• Problem details: Every line below that carries the word "induction" needs to be copied.

------ Data in this exercise ------

lemma sum_fun_apply: "(\<Sum>i\<in>I. F i) x = (\<Sum>i\<in>I. F i x)"
  by (induction I rule: infinite_finite_induct) auto

definition supported_on :: "'a set \<Rightarrow> ('a \<Rightarrow> complex) set" where
  "supported_on B = {f. \<forall>x. x \<notin> B \<longrightarrow> f x = 0}"

definition inner_on :: "'a set \<Rightarrow> ('a \<Rightarrow> complex) \<Rightarrow> ('a \<Rightarrow> complex) \<Rightarrow> complex" where
  "inner_on B f g = (\<Sum>x\<in>B. cnj (f x) * g x)"

definition sqnorm_on :: "'a set \<Rightarrow> ('a \<Rightarrow> complex) \<Rightarrow> real" where
  "sqnorm_on B f = (\<Sum>x\<in>B. (cmod (f x))\<^sup>2)"

lemma subspace_supported_on: "FS.subspace (supported_on B)"
  unfolding FS.subspace_def by (auto simp: supported_on_def)

lemma cnj_mult_self: "cnj z * z = (complex_of_real (cmod z))\<^sup>2"
  by (metis complex_norm_square mult.commute of_real_power)

lemma inner_on_self: "inner_on B f f = complex_of_real (sqnorm_on B f)"
  unfolding inner_on_def sqnorm_on_def of_real_sum by (simp add: cnj_mult_self)

lemma sqnorm_on_nonneg: "sqnorm_on B f \<ge> 0"
  unfolding sqnorm_on_def by (intro sum_nonneg) auto

lemma inner_on_zero_right [simp]: "inner_on B f 0 = 0"
  by (simp add: inner_on_def)

lemma inner_on_add_right: "inner_on B f (g + h) = inner_on B f g + inner_on B f h"
  by (simp add: inner_on_def algebra_simps sum.distrib)

lemma inner_on_diff_right: "inner_on B f (g - h) = inner_on B f g - inner_on B f h"
  by (simp add: inner_on_def algebra_simps sum_subtractf)

lemma inner_on_scale_right: "inner_on B f (fscale c g) = c * inner_on B f g"
  by (simp add: inner_on_def sum_distrib_left algebra_simps)

lemma inner_on_scale_left: "inner_on B (fscale c g) f = cnj c * inner_on B g f"
  by (simp add: inner_on_def sum_distrib_left algebra_simps)

lemma inner_on_sum_right: "inner_on B f (\<Sum>i\<in>I. G i) = (\<Sum>i\<in>I. inner_on B f (G i))"
  by (simp add: inner_on_def sum_fun_apply sum_distrib_left sum.swap[of _ B])

lemma inner_on_sum_left: "inner_on B (\<Sum>i\<in>I. G i) f = (\<Sum>i\<in>I. inner_on B (G i) f)"
  by (simp add: inner_on_def sum_fun_apply sum_distrib_right sum.swap[of _ B])

lemma cnj_inner_on: "cnj (inner_on B f g) = inner_on B g f"
  by (simp add: inner_on_def mult.commute)

lemma sqnorm_on_pos:
  assumes "finite B" "f \<in> supported_on B" "f \<noteq> 0"
  shows "sqnorm_on B f > 0"
proof -
  obtain x where "f x \<noteq> 0" using assms(3) by (auto simp: fun_eq_iff)
  then have "x \<in> B" "(cmod (f x))\<^sup>2 > 0" using assms(2) by (auto simp: supported_on_def)
  then show ?thesis
    unfolding sqnorm_on_def using assms(1) by (intro sum_pos2) auto
qed

lemma supported_on_finite_span:
  assumes "finite B"
  obtains T where "finite T" "card T \<le> card B" "supported_on B \<subseteq> FS.span T"
proof
  let ?T = "(\<lambda>x y. if y = x then 1 else 0) ` B"
  show "finite ?T" "card ?T \<le> card B" using assms by (auto intro: card_image_le)
  show "supported_on B \<subseteq> FS.span ?T"
  proof
    fix f assume f: "f \<in> supported_on B"
    have "f = (\<Sum>x\<in>B. fscale (f x) (\<lambda>y. if y = x then 1 else 0))"
      using f assms by (auto simp: fun_eq_iff sum_fun_apply supported_on_def if_distrib cong: if_cong)
    also have "\<dots> \<in> FS.span ?T"
      by (intro FS.span_sum FS.span_scale FS.span_base) auto
    finally show "f \<in> FS.span ?T" .
  qed
qed

lemma independent_supported_on_card_le:
  assumes "finite B" "FS.independent S" "S \<subseteq> supported_on B"
  shows "finite S \<and> card S \<le> card B"
proof -
  obtain T where "finite T" "card T \<le> card B" "supported_on B \<subseteq> FS.span T"
    using supported_on_finite_span[OF assms(1)] .
  moreover from this assms(3) have "S \<subseteq> FS.span T" by blast
  ultimately show ?thesis using FS.independent_span_bound[OF _ assms(2), of T] by auto
qed

lemma (in vector_space) card_le_dim_of_finite_span:
  assumes "finite T" "V \<subseteq> span T" "independent S" "S \<subseteq> V"
  shows "card S \<le> dim V"
proof -
  obtain C where C: "C \<subseteq> V" "independent C" "V \<subseteq> span C" "card C = dim V"
    using basis_exists by blast
  have "finite C"
    using independent_span_bound[OF assms(1) C(2)] C(1) assms(2) by blast
  then show ?thesis
    using independent_span_bound[OF _ assms(3), of C] C(3,4) assms(4) by auto
qed

lemma (in vector_space) family_dependent:
  assumes "finite T" "\<And>k. k \<le> n \<Longrightarrow> X k \<in> span T" "card T \<le> n"
  obtains c where "\<exists>k\<le>n. c k \<noteq> 0" "(\<Sum>k\<le>n. scale (c k) (X k)) = 0"
proof (cases "inj_on X {..n}")
  case True
  have "\<not> independent (X ` {..n})"
    using independent_span_bound[OF assms(1)] assms(2,3) card_image[OF True] by fastforce
  then obtain u where u: "\<exists>v\<in>X ` {..n}. u v \<noteq> 0" "(\<Sum>v\<in>X ` {..n}. scale (u v) v) = 0"
    using dependent_finite[of "X ` {..n}"] by blast
  have "(\<Sum>k\<le>n. scale (u (X k)) (X k)) = 0"
    using u(2) by (simp add: sum.reindex[OF True])
  then show ?thesis using u(1) that[of "u \<circ> X"] by auto
next
  case False
  then obtain i j where ij: "i \<le> n" "j \<le> n" "i \<noteq> j" "X i = X j"
    unfolding inj_on_def by auto
  let ?c = "\<lambda>k. if k = i then 1 else if k = j then -1 else 0"
  have "(\<Sum>k\<le>n. scale (?c k) (X k)) = (\<Sum>k\<le>n. (if k = i then X i else 0) - (if k = j then X j else 0))"
    using ij(3) by (intro sum.cong) auto
  also have "\<dots> = 0" using ij by (simp add: sum_subtractf)
  finally show ?thesis using ij(1) that[of ?c] by fastforce
qed


lemma exists_combination_orthogonal:
  assumes "finite K" "card K \<le> 1"
  obtains a b :: complex where "a \<noteq> 0 \<or> b \<noteq> 0" "\<forall>k\<in>K. inner_on B k (fscale a \<psi>1 + fscale b \<psi>2) = 0"
proof (cases "K = {}")
  case True
  then show ?thesis using that[of 1 0] by simp
next
  case False
  then obtain k where K: "K = {k}"
    using assms by (metis One_nat_def card_0_eq card_1_singletonE le_Suc_eq le_zero_eq)
  define x y where "x = inner_on B k \<psi>1" and "y = inner_on B k \<psi>2"
  have inner: "inner_on B k (fscale a \<psi>1 + fscale b \<psi>2) = a * x + b * y" for a b
    by (simp add: inner_on_add_right inner_on_scale_right x_def y_def)
  show ?thesis
  proof (cases "x = 0 \<and> y = 0")
    case True
    then show ?thesis using that[of 1 0] K inner[of 1 0] by simp
  next
    case False
    moreover have "inner_on B k (fscale y \<psi>1 + fscale (-x) \<psi>2) = 0"
      using inner[of y "-x"] by (simp add: mult.commute)
    ultimately show ?thesis using that[of y "-x"] K by auto
  qed
qed

section \<open>Hermitian operators on functions on a finite set\<close>

locale hermitian_on =
  module_hom "fscale :: complex \<Rightarrow> ('a \<Rightarrow> complex) \<Rightarrow> 'a \<Rightarrow> complex" fscale A
  for A :: "('a \<Rightarrow> complex) \<Rightarrow> 'a \<Rightarrow> complex" +
  fixes B :: "'a set"
  assumes finite_B: "finite B"
    and range_supported: "A f \<in> supported_on B"
    and self_adjoint: "f \<in> supported_on B \<Longrightarrow> g \<in> supported_on B \<Longrightarrow>
      inner_on B f (A g) = inner_on B (A f) g"
begin

definition poly_apply :: "complex poly \<Rightarrow> ('a \<Rightarrow> complex) \<Rightarrow> 'a \<Rightarrow> complex" where
  "poly_apply p f = (\<Sum>k\<le>degree p. fscale (coeff p k) ((A ^^ k) f))"

lemma poly_apply_upto:
  assumes "degree p \<le> N"
  shows "poly_apply p f = (\<Sum>k\<le>N. fscale (coeff p k) ((A ^^ k) f))"
  unfolding poly_apply_def
  by (rule sum.mono_neutral_left) (use assms in \<open>auto simp: coeff_eq_0\<close>)

lemma poly_apply_add: "poly_apply (p + q) f = poly_apply p f + poly_apply q f"
proof -
  define N where "N = max (degree p) (degree q)"
  have "degree (p + q) \<le> N" unfolding N_def by (rule degree_add_le) auto
  then show ?thesis
    by (simp add: poly_apply_upto[of _ N] N_def sum.distrib[symmetric] algebra_simps fun_eq_iff sum_fun_apply)
qed

lemma poly_apply_smult: "poly_apply (smult c p) f = fscale c (poly_apply p f)"
  by (simp add: poly_apply_upto[of _ "degree p"] sum_fun_apply fun_eq_iff sum_distrib_left algebra_simps)

lemma poly_apply_pCons_0: "poly_apply (pCons 0 p) f = A (poly_apply p f)"
proof -
  have "poly_apply (pCons 0 p) f = (\<Sum>k\<le>Suc (degree p). fscale (coeff (pCons 0 p) k) ((A ^^ k) f))"
    by (rule poly_apply_upto) (simp add: degree_pCons_le)
  also have "\<dots> = (\<Sum>k\<le>degree p. fscale (coeff p k) ((A ^^ Suc k) f))"
    by (subst sum.atMost_Suc_shift) simp
  also have "\<dots> = A (poly_apply p f)"
    unfolding poly_apply_def sum by (simp add: scale)
  finally show ?thesis .
qed

lemma poly_apply_linear_factor:
  "poly_apply ([:-x, 1:] * q) f = A (poly_apply q f) - fscale x (poly_apply q f)"
proof -
  have "[:-x, 1:] * q = pCons 0 q + smult (-x) q"
    by (simp add: algebra_simps)
  then have "poly_apply ([:-x, 1:] * q) f = A (poly_apply q f) + fscale (-x) (poly_apply q f)"
    by (simp only: poly_apply_add poly_apply_smult poly_apply_pCons_0)
  then show ?thesis by (simp add: fun_eq_iff)
qed

lemma funpow_in_invariant: "A ` U \<subseteq> U \<Longrightarrow> f \<in> U \<Longrightarrow> (A ^^ k) f \<in> U"
  by (induction k) auto

lemma poly_apply_in_invariant:
  assumes "FS.subspace U" "A ` U \<subseteq> U" "f \<in> U"
  shows "poly_apply p f \<in> U"
  unfolding poly_apply_def
  by (intro FS.subspace_sum FS.subspace_scale assms(1) funpow_in_invariant[OF assms(2,3)])

lemma eigenvector_of_annihilating_product:
  assumes U: "FS.subspace U" "A ` U \<subseteq> U"
  shows "v \<in> U \<Longrightarrow> poly_apply (\<Prod>x\<in>#M. [:-x, 1:]) v = 0 \<Longrightarrow> v \<noteq> 0 \<Longrightarrow>
     \<exists>u\<in>U. u \<noteq> 0 \<and> (\<exists>\<mu>. A u = fscale \<mu> u)"
proof (induction M)
  case empty
  then show ?case by (simp add: poly_apply_def)
next
  case (add x M)
  define w where "w = poly_apply (\<Prod>x\<in>#M. [:-x, 1:]) v"
  show ?case
  proof (cases "w = 0")
    case True
    then show ?thesis using add unfolding w_def by blast
  next
    case False
    have "(\<Prod>x\<in>#add_mset x M. [:-x, 1:]) = [:-x, 1:] * (\<Prod>x\<in>#M. [:-x, 1:])"
      by simp
    then have "A w - fscale x w = 0"
      using add.prems(2) by (simp only: poly_apply_linear_factor w_def)
    moreover have "w \<in> U"
      unfolding w_def by (rule poly_apply_in_invariant[OF U add.prems(1)])
    ultimately show ?thesis using False by (metis right_minus_eq)
  qed
qed

text \<open>The vectors v, A v, ..., A^n v with n = card B are linearly dependent, so some nonzero
  polynomial annihilates v; over \<complex> it splits into linear factors, one of which has
  a nonzero kernel vector in U.\<close>

lemma invariant_subspace_has_eigenvector:
  assumes U: "FS.subspace U" "A ` U \<subseteq> U" "U \<subseteq> supported_on B" and v: "v \<in> U" "v \<noteq> 0"
  shows "\<exists>u\<in>U. u \<noteq> 0 \<and> (\<exists>\<mu>. A u = fscale \<mu> u)"
proof -
  define n where "n = card B"
  have "(A ^^ k) v \<in> U" for k
    by (rule funpow_in_invariant[OF U(2) v(1)])
  moreover obtain T where T: "finite T" "card T \<le> n" "supported_on B \<subseteq> FS.span T"
    using supported_on_finite_span[OF finite_B] unfolding n_def .
  ultimately have "(A ^^ k) v \<in> FS.span T" for k
    using U(3) by blast
  then obtain c where c: "\<exists>k\<le>n. c k \<noteq> 0" "(\<Sum>k\<le>n. fscale (c k) ((A ^^ k) v)) = 0"
    using FS.family_dependent[OF T(1) _ T(2), where X="\<lambda>k. (A ^^ k) v"] by blast
  define p where "p = (\<Sum>k\<le>n. monom (c k) k)"
  have coeff_p: "coeff p k = (if k \<le> n then c k else 0)" for k
    by (simp add: p_def coeff_sum)
  have "degree p \<le> n" using coeff_p by (intro degree_le) auto
  obtain k where "k \<le> n" "c k \<noteq> 0" using c(1) by blast
  then have "p \<noteq> 0" using coeff_p[of k] by auto
  then obtain M where M: "p = smult (lead_coeff p) (\<Prod>x\<in>#M. [:-x, 1:])"
    using alg_closed_imp_factorization by blast
  have "fscale (lead_coeff p) (poly_apply (\<Prod>x\<in>#M. [:-x, 1:]) v) = poly_apply p v"
    using arg_cong[OF M, of "\<lambda>r. poly_apply r v"] by (simp only: poly_apply_smult)
  also have "\<dots> = (\<Sum>k\<le>n. fscale (c k) ((A ^^ k) v))"
    unfolding poly_apply_upto[OF \<open>degree p \<le> n\<close>] by (intro sum.cong) (auto simp: coeff_p)
  finally have "poly_apply (\<Prod>x\<in>#M. [:-x, 1:]) v = 0"
    using c(2) \<open>p \<noteq> 0\<close> by (simp add: fun_eq_iff)
  then show ?thesis using eigenvector_of_annihilating_product[OF U(1,2) v(1) _ v(2)] by blast
qed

------

• Response to the exercise:
  by (induction I rule: infinite_finite_induct) auto
  by (induction k) auto
proof (induction M)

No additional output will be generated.